Monday, November 24, 2008

The Light of Gratitude (Isaiah 12:1-6)

Open your Bible to the 12th chapter of Isaiah. The book of Isaiah is arguably one of the most important, valuable documents in all of human history. It includes some of the most amazing, most specific and well documented prophecy anywhere. It prophesies the destruction and exile of ancient Judah and also its restoration and return. Most importantly, it prophesies the coming Messiah with stunning precision. Shockingly, when the ancient Dead Sea Scrolls were discovered in 1947, the book of Isaiah was the only manuscript preserved virtually in its entirety. It was found wrapped in protective linen inside a pottery jar and among the seven scrolls first discovered and first published. It almost seems as if God made a special point of protecting this particular scroll! I suspect He did so because this scroll almost single-handedly destroys the foolish argument that our Bibles can’t be trusted. This most ancient scroll (1,000 years older), is almost a verbatim copy of the Isaiah we read today! This scroll taught us that the scribes were very good at their jobs and that good archeology is a very good friend of our faith. But it isn’t scribes, archeology, the reliability of Scripture or even prophecy I want to focus on this morning. All that stuff is fun, but that’s for another time.
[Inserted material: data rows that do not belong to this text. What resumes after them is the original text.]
(* Let $P$ be any school choice problem, where $S$ includes the null school $s_\emptyset$ and $n=|S|$. Let $i\in I$. If either (i) $i$ is assigned under $\mathrm{DA}(P)$ to his least preferred school in $S$ (the school of rank $n$ in $\succ_i$) and at least one school is under-demanded, or (ii) $\mathrm{DA}_i(P)=s_\emptyset$, then $i$ is unimprovable.
   Context: A school choice problem $P$ consists of a finite set of students $I$, a finite set of schools $S$ containing a null school $s_\emptyset$ with unlimited capacity (quota at least $|I|$), for each student $i$ a strict preference $\succ_i$ over all of $S$, and for each school $s$ a quota $q_s$ and a strict priority order $\triangleright_s$ over $I$. A matching $\mu:I\to S$ assigns at most $q_s$ students to each school $s$; a student with $\mu_i=s_\emptyset$ is unassigned. Matching $\mu$ weakly Pareto-dominates $\nu$ if every student weakly prefers $\mu_i$ to $\nu_i$; it Pareto-dominates $\nu$ if in addition some student strictly prefers $\mu_j$ to $\nu_j$; a matching is Pareto-efficient if no matching Pareto-dominates it. $\mathrm{DA}(P)$ is the matching produced by student-proposing deferred acceptance: in each round, every student not tentatively held applies to her most preferred school that has not yet rejected her; each school tentatively holds the highest-priority applicants up to its quota and rejects the rest; stop when a round has no new rejection. Let $\mathcal M(P)$ be the set of Pareto-efficient matchings that weakly Pareto-dominate $\mathrm{DA}(P)$. A student $i$ is unimprovable if $\mu_i=\mathrm{DA}_i(P)$ for every $\mu\in\mathcal M(P)$. A school $s$ is under-demanded if no student strictly prefers $s$ to her DA assignment (equivalently, $s$ rejects no student during DA). *)

theory Defs
  imports Main
begin

text \<open>A school choice problem. pref i a b means: student i strictly prefers school a to b.
  prio s j k means: student j has strictly higher priority than k at school s.\<close>
record ('i, 's) problem =
  students :: "'i set"
  schools  :: "'s set"
  null     :: 's
  pref     :: "'i \<Rightarrow> 's \<Rightarrow> 's \<Rightarrow> bool"
  quota    :: "'s \<Rightarrow> nat"
  prio     :: "'s \<Rightarrow> 'i \<Rightarrow> 'i \<Rightarrow> bool"

definition strict_total_on :: "'a set \<Rightarrow> ('a \<Rightarrow> 'a \<Rightarrow> bool) \<Rightarrow> bool" where
  "strict_total_on A r \<longleftrightarrow>
     (\<forall>x\<in>A. \<not> r x x) \<and>
     (\<forall>x\<in>A. \<forall>y\<in>A. \<forall>z\<in>A. r x y \<longrightarrow> r y z \<longrightarrow> r x z) \<and>
     (\<forall>x\<in>A. \<forall>y\<in>A. x \<noteq> y \<longrightarrow> r x y \<or> r y x)"

definition wf_problem :: "('i, 's) problem \<Rightarrow> bool" where
  "wf_problem P \<longleftrightarrow>
     finite (students P) \<and> finite (schools P) \<and>
     null P \<in> schools P \<and> quota P (null P) \<ge> card (students P) \<and>
     (\<forall>i\<in>students P. strict_total_on (schools P) (pref P i)) \<and>
     (\<forall>s\<in>schools P. strict_total_on (students P) (prio P s))"

definition is_matching :: "('i, 's) problem \<Rightarrow> ('i \<Rightarrow> 's) \<Rightarrow> bool" where
  "is_matching P \<mu> \<longleftrightarrow>
     (\<forall>i\<in>students P. \<mu> i \<in> schools P) \<and>
     (\<forall>s\<in>schools P. card {i\<in>students P. \<mu> i = s} \<le> quota P s)"

text \<open>State of DA: for each student, the set of schools that have rejected her so far.
  Every student (tentatively held or not) applies to her most preferred school that has not
  rejected her; a held student thereby re-applies to the school holding her, so this is the
  standard formulation.\<close>

definition choice :: "('i, 's) problem \<Rightarrow> ('i \<Rightarrow> 's set) \<Rightarrow> 'i \<Rightarrow> 's" where
  "choice P R i = (THE s. s \<in> schools P - R i \<and>
                      (\<forall>t\<in>schools P - R i. t \<noteq> s \<longrightarrow> pref P i s t))"

definition applicants :: "('i, 's) problem \<Rightarrow> ('i \<Rightarrow> 's set) \<Rightarrow> 's \<Rightarrow> 'i set" where
  "applicants P R s = {i\<in>students P. choice P R i = s}"

definition rejected :: "('i, 's) problem \<Rightarrow> ('i \<Rightarrow> 's set) \<Rightarrow> 'i \<Rightarrow> bool" where
  "rejected P R i \<longleftrightarrow> i \<in> students P \<and>
     (let s = choice P R i in
        card {j\<in>applicants P R s. prio P s j i} \<ge> quota P s)"

definition da_round :: "('i, 's) problem \<Rightarrow> ('i \<Rightarrow> 's set) \<Rightarrow> ('i \<Rightarrow> 's set)" where
  "da_round P R = (\<lambda>i. if rejected P R i then insert (choice P R i) (R i) else R i)"

text \<open>Each round either adds a new rejection (a student-school pair, at most
  card I * card S of them) or changes nothing (the stopping round); hence running
  card I * card S + 1 rounds reaches the terminal state, after which rounds are idle.\<close>
definition da_rejections :: "('i, 's) problem \<Rightarrow> ('i \<Rightarrow> 's set)" where
  "da_rejections P =
     (da_round P ^^ (card (students P) * card (schools P) + 1)) (\<lambda>_. {})"

definition DA :: "('i, 's) problem \<Rightarrow> 'i \<Rightarrow> 's" where
  "DA P = choice P (da_rejections P)"

definition weakly_dominates :: "('i, 's) problem \<Rightarrow> ('i \<Rightarrow> 's) \<Rightarrow> ('i \<Rightarrow> 's) \<Rightarrow> bool" where
  "weakly_dominates P \<mu> \<nu> \<longleftrightarrow> (\<forall>i\<in>students P. \<mu> i = \<nu> i \<or> pref P i (\<mu> i) (\<nu> i))"

definition dominates :: "('i, 's) problem \<Rightarrow> ('i \<Rightarrow> 's) \<Rightarrow> ('i \<Rightarrow> 's) \<Rightarrow> bool" where
  "dominates P \<mu> \<nu> \<longleftrightarrow> weakly_dominates P \<mu> \<nu> \<and> (\<exists>j\<in>students P. pref P j (\<mu> j) (\<nu> j))"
This morning we (sort of) begin this year’s Advent celebrations. I know Thanksgiving week isn’t the official beginning of Advent, but it has always been to me. Our Advent theme this year is very simple – the Light of Christmas. We will focus on the individual light each precious aspect of the traditional Advent calendar sheds on our eternal hope. And it seems only fitting we begin our Christmas party with the light of eternal gratitude burning in our hearts.

In the first part of Isaiah, terrible, awful judgment against Judah was prophesied. But in chapter 11, Isaiah went on to prophesy that even though Judah would be cut off and destroyed by the Assyrians, out of the stump of their broken nation would come the One who will one day restore them. And in chapter 12, Isaiah excitedly broke into a prophetic psalm of praise as he described the grateful way the people of God will assemble to sing in that glorious day. I like the way the New Living Translation phrases the passage. Listen closely to Isaiah as he said…

In that day you will sing: “Praise the LORD! He was angry with me, but now he comforts me. See, God has come to save me. I will trust in him and not be afraid. The LORD GOD [Yah Yahweh, God Himself, Very God of Very Gods!] is my strength and my song; he has become my salvation.” With joy you will drink deeply from the fountain of salvation!
In that wonderful day you will sing: “Thank the LORD! Praise his name! Tell the world what he has done. Oh, how mighty he is! Sing to the LORD, for he has done wonderful things. Make known his praise around the world. Let all the people of Jerusalem shout his praise with joy! For great is the Holy One of Israel who lives among you.”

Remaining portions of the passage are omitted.